After President John F. Kennedy was assassinated on November 22, 1963, Malcolm X, never one to shy away from conflict, publicly interpreted the event as "the chickens coming home to roost."

While Malcolm X claimed that he meant that the feelings of hate within America were so great that they had spilled over from the conflict between black and white and ended up causing the killing of the President. However, his comments were interpreted as support for the death of a beloved President.

Muhammad, who had specifically ordered all his ministers to remain silent regarding Kennedy’s assassination, was very unhappy over the negative publicity. As punishment, Muhammad ordered Malcolm X to be “silenced” for 90 days. Malcolm X accepted this punishment, but he soon discovered that Muhammad intended to push him out of the NOI.

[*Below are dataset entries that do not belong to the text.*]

(* Let $g\ge 1$. The complex free-nilpotent Lie algebra $N(2,g)$ of nilpotency class $2$ on $g$ generators admits a periodic derivation if and only if $g\le 3$.
   Context: $N(c,g)$ denotes the free-nilpotent complex Lie algebra of nilpotency class $c$ on $g$ generators (the free Lie algebra on $g$ generators modulo the $(c+1)$-st term of its lower central series). A derivation $D$ of a Lie algebra is called periodic if there is an integer $m\ge 1$ with $D^m=\mathrm{id}$. *)

theory Defs
  imports Complex_Main
begin

text \<open>Concrete model of the complex free-nilpotent Lie algebra N(2,g) of class 2 on g
generators: N(2,g) = V \<oplus> \<Lambda>^2 V with V = C^g, bracket [(v,a),(w,b)] = (0, v \<and> w).
An element is a pair (v, a) with v a vector indexed by {0..<g} and a an antisymmetric
g x g matrix (the coordinates of an element of \<Lambda>^2 V w.r.t. e_i \<and> e_j, i<j).\<close>

type_synonym n2el = "(nat \<Rightarrow> complex) \<times> (nat \<Rightarrow> nat \<Rightarrow> complex)"

definition N2_carrier :: "nat \<Rightarrow> n2el set" where
  "N2_carrier g = {(v, a). (\<forall>i. g \<le> i \<longrightarrow> v i = 0) \<and>
                           (\<forall>i j. a i j = - a j i) \<and>
                           (\<forall>i j. g \<le> i \<longrightarrow> a i j = 0)}"

definition n2_add :: "n2el \<Rightarrow> n2el \<Rightarrow> n2el" where
  "n2_add x y = (\<lambda>i. fst x i + fst y i, \<lambda>i j. snd x i j + snd y i j)"

definition n2_smul :: "complex \<Rightarrow> n2el \<Rightarrow> n2el" where
  "n2_smul c x = (\<lambda>i. c * fst x i, \<lambda>i j. c * snd x i j)"

definition n2_bracket :: "n2el \<Rightarrow> n2el \<Rightarrow> n2el" where
  "n2_bracket x y = (\<lambda>i. 0, \<lambda>i j. fst x i * fst y j - fst x j * fst y i)"

definition N2_derivation :: "nat \<Rightarrow> (n2el \<Rightarrow> n2el) \<Rightarrow> bool" where
  "N2_derivation g D \<longleftrightarrow>
     (\<forall>x\<in>N2_carrier g. D x \<in> N2_carrier g) \<and>
     (\<forall>x\<in>N2_carrier g. \<forall>y\<in>N2_carrier g. D (n2_add x y) = n2_add (D x) (D y)) \<and>
     (\<forall>c. \<forall>x\<in>N2_carrier g. D (n2_smul c x) = n2_smul c (D x)) \<and>
     (\<forall>x\<in>N2_carrier g. \<forall>y\<in>N2_carrier g.
        D (n2_bracket x y) = n2_add (n2_bracket (D x) y) (n2_bracket x (D y)))"

definition periodic_on :: "'a set \<Rightarrow> ('a \<Rightarrow> 'a) \<Rightarrow> bool" where
  "periodic_on S D \<longleftrightarrow> (\<exists>m::nat. m \<ge> 1 \<and> (\<forall>x\<in>S. (D ^^ m) x = x))"

end

theory Submission
  imports Defs
begin

text \<open>For g \<le> 3 the diagonal derivation scaling e_i by \<omega>^i (\<omega> a primitive cube root of unity)
  is periodic. Conversely, for g \<ge> 2 a derivation D preserves the centre \<Lambda>^2 V, so if D^m = id
  its linear part L on V satisfies L^m = id and V is the direct sum of the eigenspaces of L, with
  m-th roots of unity as eigenvalues. For eigenvectors u, w of eigenvalues \<alpha>, \<gamma> with u \<and> w \<noteq> 0,
  u \<and> w is an eigenvector of D for \<alpha> + \<gamma>, so |\<alpha> + \<gamma>| = 1. Hence every eigenspace is a line
  (as |2\<alpha>| = 2) and distinct eigenvalues have sums of modulus 1; since no four unit complex
  numbers have pairwise sums of modulus 1, there are at most three eigenvalues, so g \<le> 3.\<close>

text \<open>Not a simp rule: as a rewrite rule, the antisymmetry conjunct loops.\<close>
lemma mem_N2_carrier:
  "(v, a) \<in> N2_carrier g \<longleftrightarrow>
     (\<forall>i. g \<le> i \<longrightarrow> v i = 0) \<and> (\<forall>i j. a i j = - a j i) \<and> (\<forall>i j. g \<le> i \<longrightarrow> a i j = 0)"
  by (simp add: N2_carrier_def)

lemma N2_carrier_snd_eq_0:
  assumes "(v, a) \<in> N2_carrier g" and "\<not> (i < g \<and> j < g \<and> i \<noteq> j)"
  shows "a i j = 0"
proof -
  have anti: "a i j = - a j i" "a i i = - a i i" and zero: "\<forall>i j. g \<le> i \<longrightarrow> a i j = 0"
    using assms(1) unfolding mem_N2_carrier by blast+
  consider "i = j" | "g \<le> i" | "g \<le> j" using assms(2) by linarith
  then show ?thesis
  proof cases
    case 1
    then show ?thesis using anti(2) by simp
  next
    case 2
    then show ?thesis using zero by blast
  next
    case 3
    then show ?thesis using zero anti(1) by simp
  qed
qed

definition Vspace :: "nat \<Rightarrow> (nat \<Rightarrow> complex) set" where
  "Vspace g = {v. \<forall>i. g \<le> i \<longrightarrow> v i = 0}"

lemma gen_in_N2_carrier_iff [simp]: "(u, \<lambda>i j. 0) \<in> N2_carrier g \<longleftrightarrow> u \<in> Vspace g"
  by (simp add: mem_N2_carrier Vspace_def)

definition wedge :: "(nat \<Rightarrow> complex) \<Rightarrow> (nat \<Rightarrow> complex) \<Rightarrow> nat \<Rightarrow> nat \<Rightarrow> complex" where
  "wedge u w = (\<lambda>i j. u i * w j - u j * w i)"

lemma n2_bracket_eq_wedge: "n2_bracket (u, a) (w, b) = (\<lambda>i. 0, wedge u w)"
  by (simp add: n2_bracket_def wedge_def)

lemma wedge_in_N2_carrier:
  "u \<in> Vspace g \<Longrightarrow> w \<in> Vspace g \<Longrightarrow> (\<lambda>i. 0, wedge u w) \<in> N2_carrier g"
  by (simp add: mem_N2_carrier Vspace_def wedge_def)

lemma wedge_eq_0_imp_parallel:
  assumes "wedge u w = (\<lambda>i j. 0)" and "u p \<noteq> 0"
  shows "w = (\<lambda>i. (w p / u p) * u i)"
proof
  fix i
  have "u p * w i = u i * w p" using fun_cong[OF fun_cong[OF assms(1)], of p i]
    by (simp add: wedge_def)
  then show "w i = w p / u p * u i" using assms(2) by (simp add: field_simps)
qed

context
  fixes g :: nat and D :: "n2el \<Rightarrow> n2el"
  assumes D: "N2_derivation g D"
begin

lemma derivation_closed: "x \<in> N2_carrier g \<Longrightarrow> D x \<in> N2_carrier g"
  using D by (simp add: N2_derivation_def)

lemma derivation_add:
  "x \<in> N2_carrier g \<Longrightarrow> y \<in> N2_carrier g \<Longrightarrow> D (n2_add x y) = n2_add (D x) (D y)"
  using D by (simp add: N2_derivation_def)

lemma derivation_smul: "x \<in> N2_carrier g \<Longrightarrow> D (n2_smul c x) = n2_smul c (D x)"
  using D by (simp add: N2_derivation_def)

lemma derivation_bracket:
  "x \<in> N2_carrier g \<Longrightarrow> y \<in> N2_carrier g \<Longrightarrow>
     D (n2_bracket x y) = n2_add (n2_bracket (D x) y) (n2_bracket x (D y))"
  using D by (simp add: N2_derivation_def)

lemma derivation_zero: "D (\<lambda>i. 0, \<lambda>i j. 0) = (\<lambda>i. 0, \<lambda>i j. 0)"
proof -
  have "D (\<lambda>i. 0, \<lambda>i j. 0) = D (n2_smul 0 (\<lambda>i. 0, \<lambda>i j. 0))" by (simp add: n2_smul_def)
  also have "\<dots> = n2_smul 0 (D (\<lambda>i. 0, \<lambda>i j. 0))" by (rule derivation_smul) (simp add: Vspace_def)
  finally show ?thesis by (simp add: n2_smul_def)
qed

lemma funpow_derivation_closed: "x \<in> N2_carrier g \<Longrightarrow> (D ^^ n) x \<in> N2_carrier g"
  by (induction n) (simp_all add: derivation_closed)

lemma funpow_derivation_eigen:
  assumes "x \<in> N2_carrier g" and "D x = n2_smul \<beta> x"
  shows "(D ^^ n) x = n2_smul (\<beta> ^ n) x"
proof (induction n)
  case 0
  then show ?case by (simp add: n2_smul_def)
next
  case (Suc n)
  have "(D ^^ Suc n) x = n2_smul (\<beta> ^ n) (D x)" using Suc assms(1) by (simp add: derivation_smul)
  then show ?case using assms(2) by (simp add: n2_smul_def algebra_simps)
qed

In March 1964, the internal and external pressure became too much and Malcolm X announced that he was leaving the Nation of Islam, an organization he had worked so hard to grow.

Returning to Islam

After leaving the NOI in 1964, Malcolm decided to found his own religious organization, Muslim Mosque, Inc. (MMI), which catered to former NOI members.

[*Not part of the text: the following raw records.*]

(* Let $G=(V,E)$ be a connected graph with positive edge costs $c:E\to\mathbb{R}_+$, let $\alpha\ge 1$, and let $(U,\complement{U})$ be an $\alpha$-approximate minimum cut of $G$. Then there exist subsets $S,T\subseteq V$ with $|S|,|T|\le \lfloor 2\alpha\rfloor+1$ such that $(U,\complement{U})$ is the unique minimum $(S,T)$-terminal cut.
   Context: A cut is a partition of $V$ into two non-empty parts; for $\emptyset\ne U\subsetneq V$ write $\complement{U}=V\setminus U$, $(U,\complement{U})$ for the corresponding cut, $\delta(U)$ for the set of edges with exactly one endpoint in $U$, and $d(U)=\sum_{e\in\delta(U)}c(e)$ for its cut value. Let $\lambda=\min\{d(U):\emptyset\ne U\subsetneq V\}$. For $\alpha\ge1$, the cut $(U,\complement{U})$ is an $\alpha$-approximate minimum cut if $d(U)\le\alpha\lambda$. For disjoint non-empty $S,T\subseteq V$, a cut $(U,\complement{U})$ is an $(S,T)$-terminal cut if $S\subseteq U\subseteq V\setminus T$; a minimum $(S,T)$-terminal cut is an $(S,T)$-terminal cut of minimum cut value $d(U)$. *)

theory Defs
  imports Complex_Main
begin

definition graph :: "'a set \<Rightarrow> 'a set set \<Rightarrow> bool" where
  "graph V E \<longleftrightarrow> finite V \<and> (\<forall>e\<in>E. \<exists>u v. e = {u, v} \<and> u \<noteq> v \<and> u \<in> V \<and> v \<in> V)"

definition adj :: "'a set set \<Rightarrow> ('a \<times> 'a) set" where
  "adj E = {(u, v). {u, v} \<in> E}"

definition connected_graph :: "'a set \<Rightarrow> 'a set set \<Rightarrow> bool" where
  "connected_graph V E \<longleftrightarrow> graph V E \<and> (\<forall>u\<in>V. \<forall>v\<in>V. (u, v) \<in> (adj E)\<^sup>*)"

Malcolm X turned to traditional Islam to inform his path. In April 1964, he began a pilgrimage (or hajj) to Mecca in Saudi Arabia. While in the Middle East, Malcolm X was amazed by the diversity of complexions represented there. Even before returning home, he began to rethink his earlier divisive positions and decided to prioritize faith over skin color. Malcolm X symbolized this shift by changing his name once again, becoming El-Hajj Malik El-Shabazz.

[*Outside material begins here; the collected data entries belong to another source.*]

(* There exist continuous functions $f_1,f_2,f_3,f_4:\mathrm{SO}(3)\to\mathbb{R}^3$ such that for every rotation $R\in\mathrm{SO}(3)$, at least one of $\mathbf{R}_{xyz}(f_1(R))$, $\mathbf{R}_{xyz}(f_2(R))$, $\mathbf{R}_{xzy}(f_3(R))$, $\mathbf{R}_{xzy}(f_4(R))$ is equal to $R$.
   Context: Unit quaternions $w+x\mathbf{i}+y\mathbf{j}+z\mathbf{k}$ are identified with $(w,x,y,z)\in S^3$, and $\mathbf{R}_Q:S^3\to\mathrm{SO}(3)$ is $$\mathbf{R}_Q(w,x,y,z)=\begin{bmatrix}1-2y^2-2z^2 & 2(xy-zw) & 2(xz+yw)\\ 2(xy+zw) & 1-2x^2-2z^2 & 2(yz-xw)\\ 2(xz-yw) & 2(yz+xw) & 1-2x^2-2y^2\end{bmatrix}.$$ $\mathbf{R}_{xyz}(\alpha,\beta,\gamma)=\mathbf{R}_Q\big((\cos\frac{\gamma}{2}+\mathbf{k}\sin\frac{\gamma}{2})(\cos\frac{\beta}{2}+\mathbf{j}\sin\frac{\beta}{2})(\cos\frac{\alpha}{2}+\mathbf{i}\sin\frac{\alpha}{2})\big)$ and $\mathbf{R}_{xzy}(\alpha,\beta,\gamma)=\mathbf{R}_Q\big((\cos\frac{\gamma}{2}+\mathbf{j}\sin\frac{\gamma}{2})(\cos\frac{\beta}{2}+\mathbf{k}\sin\frac{\beta}{2})(\cos\frac{\alpha}{2}+\mathbf{i}\sin\frac{\alpha}{2})\big)$ (quaternion products) are the rotations given by extrinsic $x$-$y$-$z$ and $x$-$z$-$y$ Euler angles respectively. *)

theory Defs
  imports "HOL-Analysis.Analysis"
begin

text \<open>Quaternions w + x i + y j + z k represented as 4-tuples (w,x,y,z) of reals.\<close>
type_synonym quat = "real \<times> real \<times> real \<times> real"

fun qmult :: "quat \<Rightarrow> quat \<Rightarrow> quat" where
  "qmult (a1, b1, c1, d1) (a2, b2, c2, d2) =
     (a1*a2 - b1*b2 - c1*c2 - d1*d2,
      a1*b2 + b1*a2 + c1*d2 - d1*c2,
      a1*c2 - b1*d2 + c1*a2 + d1*b2,
      a1*d2 + b1*c2 - c1*b2 + d1*a2)"

definition RQ :: "quat \<Rightarrow> real^3^3" where
  "RQ q = (case q of (w, x, y, z) \<Rightarrow>
     vector [vector [1 - 2*y^2 - 2*z^2, 2*(x*y - z*w), 2*(x*z + y*w)],
             vector [2*(x*y + z*w), 1 - 2*x^2 - 2*z^2, 2*(y*z - x*w)],
             vector [2*(x*z - y*w), 2*(y*z + x*w), 1 - 2*x^2 - 2*y^2]])"

definition qi :: "real \<Rightarrow> quat" where "qi t = (cos (t/2), sin (t/2), 0, 0)"
definition qj :: "real \<Rightarrow> quat" where "qj t = (cos (t/2), 0, sin (t/2), 0)"
definition qk :: "real \<Rightarrow> quat" where "qk t = (cos (t/2), 0, 0, sin (t/2))"

text \<open>Euler angle rotations; the argument vector is (alpha, beta, gamma).\<close>
definition Rxyz :: "real^3 \<Rightarrow> real^3^3" where
  "Rxyz v = RQ (qmult (qmult (qk (v$3)) (qj (v$2))) (qi (v$1)))"

definition Rxzy :: "real^3 \<Rightarrow> real^3^3" where
  "Rxzy v = RQ (qmult (qmult (qj (v$3)) (qk (v$2))) (qi (v$1)))"

definition SO3 :: "(real^3^3) set" where
  "SO3 = {R. orthogonal_matrix R \<and> det R = 1}"

end

theory Submission
  imports Defs
begin

text \<open>Away from gimbal lock (\<open>R\<^sub>3\<^sub>1 = \<plusminus>1\<close>), the extrinsic x-y-z Euler angles of a rotation \<open>R\<close>
  are \<open>\<beta> = -arcsin R\<^sub>3\<^sub>1\<close>, \<open>\<alpha> = arg (R\<^sub>3\<^sub>3 + i R\<^sub>3\<^sub>2)\<close> and \<open>\<gamma> = arg (R\<^sub>1\<^sub>1 + i R\<^sub>2\<^sub>1)\<close>;
  similarly for x-z-y, whose gimbal lock is \<open>R\<^sub>2\<^sub>1 = \<plusminus>1\<close>. Such a formula is continuous
  wherever the two complex numbers avoid the branch cut of the chosen argument function, and
  two branches are available, with cuts along the negative and the positive real axis.
  Correctness rests on the fact that a rotation is determined by its first column together
  with one further row, unless that row is \<open>\<plusminus>e\<^sub>1\<close>.
  Near the gimbal lock of x-y-z we have \<open>R\<^sub>2\<^sub>1 \<approx> 0\<close>, and an elementary case analysis shows
  that \<open>SO(3)\<close> is covered by closed regions on which one of four such formulas (one of them
  defined piecewise on two disjoint closed sets) is continuous and correct. By the Tietze
  extension theorem each formula extends continuously from its region to all of \<open>SO(3)\<close>.\<close>

unbundle cross3_syntax

lemma orthogonal_matrix_inner:
  fixes C :: "real^'n^'n"
  assumes "orthogonal_matrix C"
  shows "(C *v u) \<bullet> (C *v v) = u \<bullet> v"
  using assms orthogonal_transformation_matrix[of "(*v) C"]
  by (simp add: orthogonal_transformation_def matrix_vector_mul_linear)

lemma orthogonal_matrix_unit_row_column:
  fixes R :: "real^3^3"
  assumes "orthogonal_matrix R"
  shows "(R$i$1)\<^sup>2 + (R$i$2)\<^sup>2 + (R$i$3)\<^sup>2 = 1" "(R$1$j)\<^sup>2 + (R$2$j)\<^sup>2 + (R$3$j)\<^sup>2 = 1"
  using assms[unfolded orthogonal_matrix_orthonormal_rows]
    assms[unfolded orthogonal_matrix_orthonormal_columns]
  by (simp_all add: norm_eq_1 inner_vec_def sum_3 row_def column_def power2_eq_square)

lemma orthogonal_matrix_entry_bound:
  fixes R :: "real^'n^'n"
  assumes "orthogonal_matrix R"
  shows "\<bar>R$i$j\<bar> \<le> 1"
  using component_le_norm_cart[of "row i R" j] assms
  by (simp add: orthogonal_matrix_orthonormal_rows row_def)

Malcolm X then toured Africa, where the early influence of Marcus Garvey reemerged. In May 1964, Malcolm X began his own pan-African movement with the Organization of Afro-American Unity (OAAU), a secular organization that advocated for human rights for all those of African descent. As head of the OAAU, Malcolm X met with world leaders to forward this mission, generating a far more diverse following than the NOI. Whereas once he had shunned all of white society, he now encouraged interested whites to teach about oppression.

Running both the MMI and the OAAU exhausted Malcolm, but both spoke to passions that defined him -- faith and advocacy.

Malcolm X Is Assassinated

Malcolm X's philosophies had changed dramatically, bringing him more in line with the mainstream Civil Rights movement. However, he still had enemies. Many in the NOI felt that he had betrayed the movement when he publicly discussed Muhammad's adultery.

On February 14, 1965, Malcolm X's New York home was firebombed. He believed the NOI was responsible. Still ever defiant, Malcolm X did not let this attack interrupt his schedule. He traveled to Selma, Alabama and returned to New York for a speaking engagement at the Audubon Ballroom in Harlem on February 21, 1965.

This was Malcolm X's last speech. Once Malcolm was up at the podium, a smoke bomb exploded. While that was being put out, Talmadge Hayer and two other NOI members (Thomas 15X Johnson and Norman 3X Butler) stood up and shot Malcolm X. Fifteen bullets hit their target, killing Malcolm X. He was dead before he reached the hospital.

The chaos that broke out at the scene spilled into the streets of Harlem as mob violence and the firebombing of a Black Muslim mosque followed. Malcolm's critics, including Elijah Muhammad, maintained that he died by the very violence he defended in his early career.

Talmadge Hayer was arrested at the scene and his two accomplices shortly after. All three would be convicted of the murder; however, questions about who ordered the assassination and if there were others involved still remain.

The Last Word

In the month prior to his death, Malcolm X had been dictating his biography to noted African-American author, Alex Haley. The Autobiography of Malcolm X was published in 1965, just months after Malcolm X's murder.

Through his autobiography, Malcolm X’s powerful voice continued to inspire the black community to advocate for their rights. The Black Panthers, for example, used Malcolm X’s teachings to found their own organization in 1966.

Today, Malcolm X remains one of the more controversial figures of the Civil Rights era. He is generally respected for his passionate demand for change in one of history's most trying (and deadly) times for black leaders.